WHAT THIS TASK INVOLVES =
The answer must be one number: how many lines in the records below contain the word "that".

Saved data entries =

(* Let $X\subseteq 2^\omega$ be such that for all distinct $x,y\in X$ the set $\{n: x(n)\neq y(n)\}$ is infinite, and let $Y\subseteq X$. Let $N$ be a model of ZFC containing $X$ and $Y$, and let $G$ be $\mathbb{Q}(X,Y)$-generic over $N$. For $n<\omega$ put $U_n^G=\bigcup\{[s]: \exists r\in G\ (n,s)\in r\}$. Then $X\cap\bigcap_{n<\omega}U_n^G = X\setminus Y$.
   Context: For $s\in 2^{<\omega}$, $[s]=\{y\in 2^\omega: s\subseteq y\}$ and $|s|$ is the length of $s$. For $x\in 2^\omega$, $s\in 2^{<\omega}$, $k<\omega$, define $\mathrm{swap}(x,s,k)=\{y\in 2^\omega: s\subseteq y,\ |\{i\geq |s|: y(i)\neq x(i)\}|\leq k\}$. The poset $\mathbb{Q}(X,Y)$ consists of all finite sets $r$ of elements of the form $(n,s)$ with $n<\omega$, $s\in 2^{<\omega}$, or of the form $(n,(x,t,k))$ with $x\in Y$, $t\in 2^{<\omega}$, $n,k<\omega$, subject to the condition: whenever $(n,s)\in r$ and $(n,(x,t,k))\in r$ (same $n$), then $[s]\cap\mathrm{swap}(x,t,k)=\emptyset$. The ordering is reverse inclusion: $r_1\le r_2$ iff $r_1\supseteq r_2$. *)

theory Defs
  imports Main
begin

type_synonym cantor = "nat \<Rightarrow> bool"
type_synonym fseq = "bool list"

definition cyl :: "fseq \<Rightarrow> cantor set" where
  "cyl s = {y. \<forall>i<length s. y i = s ! i}"

definition swap :: "cantor \<Rightarrow> fseq \<Rightarrow> nat \<Rightarrow> cantor set" where
  "swap x s k = {y. y \<in> cyl s \<and> finite {i. length s \<le> i \<and> y i \<noteq> x i}
                   \<and> card {i. length s \<le> i \<and> y i \<noteq> x i} \<le> k}"

text \<open>Elements of conditions: (n, Inl s) stands for (n,s);
  (n, Inr (x,t,k)) stands for (n,(x,t,k)).\<close>
type_synonym qelem = "nat \<times> (fseq + (cantor \<times> fseq \<times> nat))"

definition Qposet :: "cantor set \<Rightarrow> cantor set \<Rightarrow> qelem set set" where
  "Qposet X Y = {r. finite r
      \<and> (\<forall>n x t k. (n, Inr (x, t, k)) \<in> r \<longrightarrow> x \<in> Y)
      \<and> (\<forall>n s x t k. (n, Inl s) \<in> r \<longrightarrow> (n, Inr (x, t, k)) \<in> r
                     \<longrightarrow> cyl s \<inter> swap x t k = {})}"

definition qle :: "qelem set \<Rightarrow> qelem set \<Rightarrow> bool" where
  "qle r1 r2 \<longleftrightarrow> r2 \<subseteq> r1"

definition dense_in :: "qelem set set \<Rightarrow> qelem set set \<Rightarrow> bool" where
  "dense_in P D \<longleftrightarrow> D \<subseteq> P \<and> (\<forall>p\<in>P. \<exists>q\<in>D. qle q p)"

definition filter_in :: "qelem set set \<Rightarrow> qelem set set \<Rightarrow> bool" where
  "filter_in P G \<longleftrightarrow> G \<subseteq> P \<and> G \<noteq> {}
     \<and> (\<forall>p\<in>G. \<forall>q\<in>P. qle p q \<longrightarrow> q \<in> G)
     \<and> (\<forall>p\<in>G. \<forall>q\<in>G. \<exists>r\<in>G. qle r p \<and> qle r q)"

text \<open>G is generic for the family \<N> of sets of conditions (the subsets of
  the poset that belong to the ground model N): G is a filter meeting every
  dense set in \<N>.\<close>
definition generic_over :: "qelem set set set \<Rightarrow> qelem set set \<Rightarrow> qelem set set \<Rightarrow> bool" where
  "generic_over \<N> P G \<longleftrightarrow> filter_in P G \<and> (\<forall>D\<in>\<N>. dense_in P D \<longrightarrow> G \<inter> D \<noteq> {})"

definition UG :: "qelem set set \<Rightarrow> nat \<Rightarrow> cantor set" where
  "UG G n = \<Union> {cyl s | s. \<exists>r\<in>G. (n, Inl s) \<in> r}"

text \<open>Subsets of the poset definable in N from the parameters X, Y, x, n
  (used to render "N is a model of ZFC containing X and Y").\<close>
definition Dx :: "cantor set \<Rightarrow> cantor set \<Rightarrow> cantor \<Rightarrow> nat \<Rightarrow> qelem set set" where
  "Dx X Y x n = {r \<in> Qposet X Y. \<exists>s. x \<in> cyl s \<and> (n, Inl s) \<in> r}"

definition Ey :: "cantor set \<Rightarrow> cantor set \<Rightarrow> cantor \<Rightarrow> qelem set set" where
  "Ey X Y y = {r \<in> Qposet X Y. \<exists>n. (n, Inr (y, [], 0)) \<in> r}"

end

theory Submission
  imports Defs
begin

text \<open>If x \<in> X - Y, any condition can be extended by a pair (n, s) with x \<in> [s]:
  each of the finitely many promises (n, (y, t, k)) in the condition has y \<in> Y, so
  x differs from y infinitely often, and a long enough initial segment s of x already
  disagrees with y at more than k places beyond |t|, whence [s] \<inter> swap(y, t, k) = \<emptyset>.
  If y \<in> Y, genericity adds a promise (n, (y, [], 0)) at a fresh level n, and since
  y \<in> swap(y, [], 0) no (n, s) in the generic filter has y \<in> [s]; so y \<notin> U_n.\<close>

lemma swap_disjoint_cyl_prefix:
  fixes x y :: cantor
  assumes "infinite {i. x i \<noteq> y i}"
  shows "\<forall>\<^sub>F M in sequentially. cyl (map x [0..<M]) \<inter> swap y t k = {}"
proof -
  have "infinite ({i. x i \<noteq> y i} - {..<length t})"
    using assms by simp
  then obtain F where F: "finite F" "card F = Suc k" "F \<subseteq> {i. x i \<noteq> y i} - {..<length t}"
    by (meson infinite_arbitrarily_large)
  have avoid: "cyl (map x [0..<M]) \<inter> swap y t k = {}" if M: "\<forall>i\<in>F. i < M" for M
  proof (rule equals0I, elim IntE)
    fix z assume z: "z \<in> cyl (map x [0..<M])" "z \<in> swap y t k"
    let ?D = "{i. length t \<le> i \<and> z i \<noteq> y i}"
    have agree: "z i = x i" if "i < M" for i
      using z(1) that by (simp add: cyl_def)
    have D: "finite ?D" "card ?D \<le> k"
      using z(2) by (simp_all add: swap_def)
    have "F \<subseteq> ?D"
      using F(3) M agree by auto
    then have "card F \<le> card ?D"
      using D(1) by (rule card_mono[rotated])
    with D(2) F(2) show False
      by simp
  qed
  have "\<forall>\<^sub>F M in sequentially. \<forall>i\<in>F. i < M"
    using F(1) by (simp add: eventually_ball_finite)
  then show ?thesis
    by (rule eventually_mono) (rule avoid)
qed

lemma finite_Inr_entries:
  assumes "finite r"
  shows "finite {v. (n, Inr v) \<in> r}"
proof (rule finite_subset)
  show "{v. (n, Inr v) \<in> r} \<subseteq> (\<lambda>e. projr (snd e)) ` r"
    by force
qed (use assms in simp)

lemma Qposet_insert_Inl:
  assumes "r \<in> Qposet X Y"
    and "\<forall>y t k. (n, Inr (y, t, k)) \<in> r \<longrightarrow> cyl s \<inter> swap y t k = {}"
  shows "insert (n, Inl s) r \<in> Qposet X Y"
  using assms unfolding Qposet_def by blast

lemma Qposet_insert_Inr:
  assumes "r \<in> Qposet X Y" "y \<in> Y" "n \<notin> fst ` r"
  shows "insert (n, Inr (y, t, k)) r \<in> Qposet X Y"
  using assms unfolding Qposet_def by (fastforce intro: rev_image_eqI)

lemma Dx_dense:
  assumes "\<forall>y\<in>Y. infinite {i. x i \<noteq> y i}"
  shows "dense_in (Qposet X Y) (Dx X Y x n)"
  unfolding dense_in_def
proof (intro conjI ballI)
  show "Dx X Y x n \<subseteq> Qposet X Y"
    by (auto simp: Dx_def)
next
  fix r assume r: "r \<in> Qposet X Y"
  let ?R = "{v. (n, Inr v) \<in> r}"
  let ?avoid = "\<lambda>M (y, t, k). cyl (map x [0..<M]) \<inter> swap y t k = {}"
  have "finite ?R"
    using r by (simp add: Qposet_def finite_Inr_entries)
  moreover have "\<forall>v\<in>?R. \<forall>\<^sub>F M in sequentially. ?avoid M v"
  proof
    fix v assume "v \<in> ?R"
    moreover obtain y t k where v: "v = (y, t, k)"
      by (cases v) auto
    ultimately have "y \<in> Y"
      using r unfolding Qposet_def by blast
    then show "\<forall>\<^sub>F M in sequentially. ?avoid M v"
      using assms v by (simp add: swap_disjoint_cyl_prefix)
  qed
  ultimately have "\<forall>\<^sub>F M in sequentially. \<forall>v\<in>?R. ?avoid M v"
    by (rule eventually_ball_finite)
  then obtain M where "\<forall>v\<in>?R. ?avoid M v"
    by (auto simp: eventually_sequentially)
  then have "insert (n, Inl (map x [0..<M])) r \<in> Qposet X Y"
    using r by (intro Qposet_insert_Inl) auto
  moreover have "x \<in> cyl (map x [0..<M])"
    by (simp add: cyl_def)
  ultimately show "\<exists>q\<in>Dx X Y x n. qle q r"
    unfolding Dx_def qle_def by blast
qed

lemma Ey_dense:
  assumes "y \<in> Y"
  shows "dense_in (Qposet X Y) (Ey X Y y)"
  unfolding dense_in_def
proof (intro conjI ballI)
  show "Ey X Y y \<subseteq> Qposet X Y"
    by (auto simp: Ey_def)
next
  fix r assume r: "r \<in> Qposet X Y"
  then have "finite (fst ` r)"
    by (simp add: Qposet_def)
  then obtain n where "n \<notin> fst ` r"
    using ex_new_if_finite infinite_UNIV_nat by blast
  then have "insert (n, Inr (y, [], 0)) r \<in> Qposet X Y"
    using r assms by (intro Qposet_insert_Inr)
  then show "\<exists>q\<in>Ey X Y y. qle q r"
    unfolding Ey_def qle_def by blast
qed

lemma generic_meets_dense:
  assumes "generic_over \<N> P G" "D \<in> \<N>" "dense_in P D"
  obtains r where "r \<in> G" "r \<in> D"
  using assms by (auto simp: generic_over_def)

lemma generic_Qposet_disjoint:
  assumes "generic_over \<N> (Qposet X Y) G" "r1 \<in> G" "r2 \<in> G"
    and "(n, Inl s) \<in> r1" "(n, Inr (y, t, k)) \<in> r2"
  shows "cyl s \<inter> swap y t k = {}"
proof -
  obtain r where r: "r \<in> G" "qle r r1" "qle r r2"
    using assms(1-3) unfolding generic_over_def filter_in_def by blast
  then have "r \<in> Qposet X Y"
    using assms(1) unfolding generic_over_def filter_in_def by blast
  moreover have "(n, Inl s) \<in> r" "(n, Inr (y, t, k)) \<in> r"
    using r assms(4,5) unfolding qle_def by auto
  ultimately show ?thesis
    unfolding Qposet_def by blast
qed

lemma mem_UG_iff: "x \<in> UG G n \<longleftrightarrow> (\<exists>r\<in>G. \<exists>s. (n, Inl s) \<in> r \<and> x \<in> cyl s)"
  unfolding UG_def by blast

lemma self_mem_swap: "y \<in> swap y [] 0"
  by (simp add: swap_def cyl_def)

lemma generic_mem_UG:
  assumes "generic_over \<N> (Qposet X Y) G" "Dx X Y x n \<in> \<N>"
    and "\<forall>y\<in>Y. infinite {i. x i \<noteq> y i}"
  shows "x \<in> UG G n"
proof -
  obtain r where "r \<in> G" "r \<in> Dx X Y x n"
    using assms(1,2) Dx_dense[OF assms(3)] by (rule generic_meets_dense)
  then show ?thesis
    unfolding Dx_def mem_UG_iff by blast
qed

lemma generic_not_mem_UG:
  assumes "generic_over \<N> (Qposet X Y) G" "Ey X Y y \<in> \<N>" "y \<in> Y"
  obtains n where "y \<notin> UG G n"
proof -
  obtain r0 where "r0 \<in> G" "r0 \<in> Ey X Y y"
    using assms(1,2) Ey_dense[OF assms(3)] by (rule generic_meets_dense)
  then obtain n where r0: "r0 \<in> G" "(n, Inr (y, [], 0)) \<in> r0"
    unfolding Ey_def by blast
  have "y \<notin> UG G n"
  proof
    assume "y \<in> UG G n"
    then obtain r1 s where r1: "r1 \<in> G" "(n, Inl s) \<in> r1" "y \<in> cyl s"
      unfolding mem_UG_iff by blast
    have "cyl s \<inter> swap y [] 0 = {}"
      using generic_Qposet_disjoint[OF assms(1) r1(1) r0(1) r1(2) r0(2)] .
    then show False
      using r1(3) self_mem_swap by (metis IntI empty_iff)
  qed
  then show ?thesis
    by (rule that)
qed

theorem mainTheorem2:
  fixes X Y :: "cantor set"
    and \<N> :: "qelem set set set"
    and G :: "qelem set set"
  assumes "\<forall>x\<in>X. \<forall>y\<in>X. x \<noteq> y \<longrightarrow> infinite {n. x n \<noteq> y n}"
    and "Y \<subseteq> X"
    and "\<forall>x\<in>X. \<forall>n. Dx X Y x n \<in> \<N>"
    and "\<forall>y\<in>Y. Ey X Y y \<in> \<N>"
    and "generic_over \<N> (Qposet X Y) G"
  shows "X \<inter> (\<Inter>n. UG G n) = X - Y"
proof -
  have "x \<in> UG G n" if x: "x \<in> X" "x \<notin> Y" for x n
  proof (rule generic_mem_UG[OF assms(5)])
    show "Dx X Y x n \<in> \<N>"
      using assms(3) x(1) by blast
    show "\<forall>y\<in>Y. infinite {i. x i \<noteq> y i}"
      using assms(1,2) x by (metis in_mono)
  qed
  moreover have "\<exists>n. y \<notin> UG G n" if "y \<in> Y" for y
    using generic_not_mem_UG[OF assms(5)] assms(4) that by metis
  ultimately show ?thesis
    by auto blast
qed

end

ANSWER =
5